Priming solutions for cardiopulmonary bypass: comparison of three colloids
Journal of Cardiothoracic & Vascular Anesthesia. 1991;5((5):):457-66.
The present study was designed to compare the differences in the clinical effects of three colloidal solutions, albumin, urea-linked gelatin, and succinyl-linked gelatin, when used as priming fluids for cardiopulmonary bypass (CPB) under alpha-stat conditions.

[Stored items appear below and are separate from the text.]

(* Let $n\ge1$ and let $A$ be a linear Nakayama algebra with $n+1$ simple modules whose Dyck path is $\mathcal D$. Then the number of isomorphism classes of indecomposable injective $A$-modules of projective dimension one is: (1) $n$, if $\mathcal D=u^nd^n$; (2) $d_1-1+\sum_{i=2}^{\ell-1}\max\{d_i-k_i-1,0\}+a_\ell-1$, if $\mathcal D=u^{a_1}d^{d_1}\cdots u^{a_\ell}d^{d_\ell}$ with $\ell\ge2$ and all $a_i,d_i\ge1$.
   Context: $K$ is a field; a linear Nakayama algebra with $n+1$ simple modules is a connected algebra $KQ/I$ with $Q$ the quiver $0\to1\to\cdots\to n$ and $I$ admissible; modules are finite-dimensional right modules; $e_iA$ is uniserial with composition factors $S_i,\dots,S_{i+c_i-1}$ (top to socle), $c_i=\dim_K e_iA$. The Dyck path of $A$ is the lattice path with steps $u=(1,1)$, $d=(1,-1)$ from $(0,0)$ to $(2n,0)$ whose vertex with first coordinate $x$ has height $h(x)=\max\{k-1: 0\le i\le n,\ 1\le k\le c_i,\ 2i+k-1=2n-x\}$ (the top boundary of the Auslander–Reiten quiver). For $\mathcal D=u^{a_1}d^{d_1}\cdots u^{a_\ell}d^{d_\ell}$ define $k_1=1$ and $k_i=k_{i-1}+a_{i-1}-d_{i-1}$ for $2\le i\le\ell$ (the level, i.e. height plus one, of the $(i-1)$-st valley). *)

theory Defs
  imports Main
begin

text \<open>A linear Nakayama algebra A = KQ/I with n+1 simples (Q = 0 -> 1 -> ... -> n, I admissible,
  A connected) is determined up to isomorphism by its Kupisch series c_i = dim e_i A.\<close>
definition linear_nakayama :: "nat \<Rightarrow> (nat \<Rightarrow> nat) \<Rightarrow> bool" where
  "linear_nakayama n c \<longleftrightarrow> c n = 1 \<and> (\<forall>i<n. 2 \<le> c i \<and> c i \<le> c (Suc i) + 1)"

text \<open>Indecomposable modules (up to isomorphism) are the uniserial modules M(i,l) with top S_i
  and composition factors S_i, ..., S_(i+l-1), where i <= n and 1 <= l <= c_i.\<close>
definition indec :: "nat \<Rightarrow> (nat \<Rightarrow> nat) \<Rightarrow> nat \<times> nat \<Rightarrow> bool" where
  "indec n c M \<longleftrightarrow> fst M \<le> n \<and> 1 \<le> snd M \<and> snd M \<le> c (fst M)"

definition is_projective :: "(nat \<Rightarrow> nat) \<Rightarrow> nat \<times> nat \<Rightarrow> bool" where
  "is_projective c M \<longleftrightarrow> snd M = c (fst M)"

text \<open>M(i,l) is injective iff it is not properly contained in M(i-1,l+1).\<close>
definition is_injective :: "(nat \<Rightarrow> nat) \<Rightarrow> nat \<times> nat \<Rightarrow> bool" where
  "is_injective c M \<longleftrightarrow> \<not> (0 < fst M \<and> snd M + 1 \<le> c (fst M - 1))"

text \<open>Syzygy: kernel of the projective cover e_i A -> M(i,l), namely M(i+l, c_i - l).\<close>
definition syzygy :: "(nat \<Rightarrow> nat) \<Rightarrow> nat \<times> nat \<Rightarrow> nat \<times> nat" where
  "syzygy c M = (fst M + snd M, c (fst M) - snd M)"

fun pd_le :: "(nat \<Rightarrow> nat) \<Rightarrow> nat \<Rightarrow> nat \<times> nat \<Rightarrow> bool" where
  "pd_le c 0 M = is_projective c M"
| "pd_le c (Suc k) M = (is_projective c M \<or> pd_le c k (syzygy c M))"

definition pd_eq :: "(nat \<Rightarrow> nat) \<Rightarrow> nat \<Rightarrow> nat \<times> nat \<Rightarrow> bool" where
  "pd_eq c k M \<longleftrightarrow> pd_le c k M \<and> (\<forall>j<k. \<not> pd_le c j M)"

definition num_inj_pd1 :: "nat \<Rightarrow> (nat \<Rightarrow> nat) \<Rightarrow> nat" where
  "num_inj_pd1 n c = card {M. indec n c M \<and> is_injective c M \<and> pd_eq c 1 M}"

text \<open>Dyck path: height of the vertex with first coordinate x.\<close>
definition height :: "nat \<Rightarrow> (nat \<Rightarrow> nat) \<Rightarrow> nat \<Rightarrow> nat" where
  "height n c x = Max {k - 1 | i k. i \<le> n \<and> 1 \<le> k \<and> k \<le> c i \<and> 2*i + k - 1 = 2*n - x}"

datatype step = U | D

definition dyck_path :: "nat \<Rightarrow> (nat \<Rightarrow> nat) \<Rightarrow> step list" where
  "dyck_path n c = map (\<lambda>x. if height n c x < height n c (Suc x) then U else D) [0..<2*n]"

definition dyck_word :: "nat list \<Rightarrow> nat list \<Rightarrow> step list" where
  "dyck_word as ds = concat (map (\<lambda>j. replicate (as!j) U @ replicate (ds!j) D) [0..<length as])"

text \<open>k_(j+1) in 0-based indexing: kval as ds 0 = k_1 = 1, kval (j+1) = kval j + a_(j+1) - d_(j+1).\<close>
fun kval :: "nat list \<Rightarrow> nat list \<Rightarrow> nat \<Rightarrow> int" where
  "kval as ds 0 = 1"
| "kval as ds (Suc j) = kval as ds j + int (as!j) - int (ds!j)"

end

(*
  The projective e_i A occupies the points (2n - 2i - k + 1, k - 1), 1 <= k <= c_i, of the top
  boundary of the Auslander-Reiten quiver, so the Dyck path of A has its up steps exactly at the
  positions 2n - 2j - c_j (j < n), and these decrease with j. Reading the r-th up step of the
  word u^a_1 d^d_1 ... u^a_l d^d_l against this description shows that the Kupisch series is
  affine on blocks of vertices: writing A_q = a_1 + ... + a_q and D_q = d_1 + ... + d_q, one has
  c_i + i + D_(q-1) = n + 1 for n - A_q <= i < n - A_(q-1).

  M(i,l) is injective of projective dimension one iff l < c_i, c_(i-1) <= l (when i > 0), and
  its syzygy M(i+l, c_i - l) is projective. Injectivity forces i to be the first vertex
  n - A_q of a block; projectivity of the syzygy bounds l above by a_q - 1 (by a_1 in the first
  block, where the syzygy may be the simple S_n), and injectivity bounds it below by
  c_(i-1) = A_q + 2 - D_q. Counting the admissible lengths block by block gives the formula,
  and case (1) is the case of a single block.
*)
theory Submission
  imports Defs
begin

lemma linear_nakayama_le_add_diff:
  assumes "linear_nakayama n c" and "i \<le> j" and "j \<le> n"
  shows "c i \<le> c j + (j - i)"
  using assms(2,3)
proof (induction j rule: dec_induct)
  case base
  then show ?case by simp
next
  case (step j)
  then have "c j \<le> c (Suc j) + 1"
    using assms(1) unfolding linear_nakayama_def by simp
  with step show ?case by simp
qed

A consecutive series of 105 patients scheduled for cardiac surgery were randomized into three identically managed groups, except for the CPB prime. Variables relating to acid-base status, oncotic activity, metabolism, coagulation, and postoperative evaluation were measured. Marked differences in acid-base status, colloid osmotic pressure, additional prime requirements, blood lactate, urine output, and the need for buffer solutions occurred among groups, with the succinyl-linked gelatin group having better results than the other groups. Changes in hemodynamics, oxygen consumption, and blood-glucose levels during CPB did not vary among groups. There were also no important intergroup differences in hematologic and clotting variables or postoperative parameters such as blood loss or use of blood products. Electrolyte changes were similar except for a significant increase in ionized calcium that occurred in the urea-linked gelatin group after bypass. The results indicate that succinyl-linked gelatin is an adequate and safe alternative to human albumin for use as a colloid during CPB under alpha-stat conditions.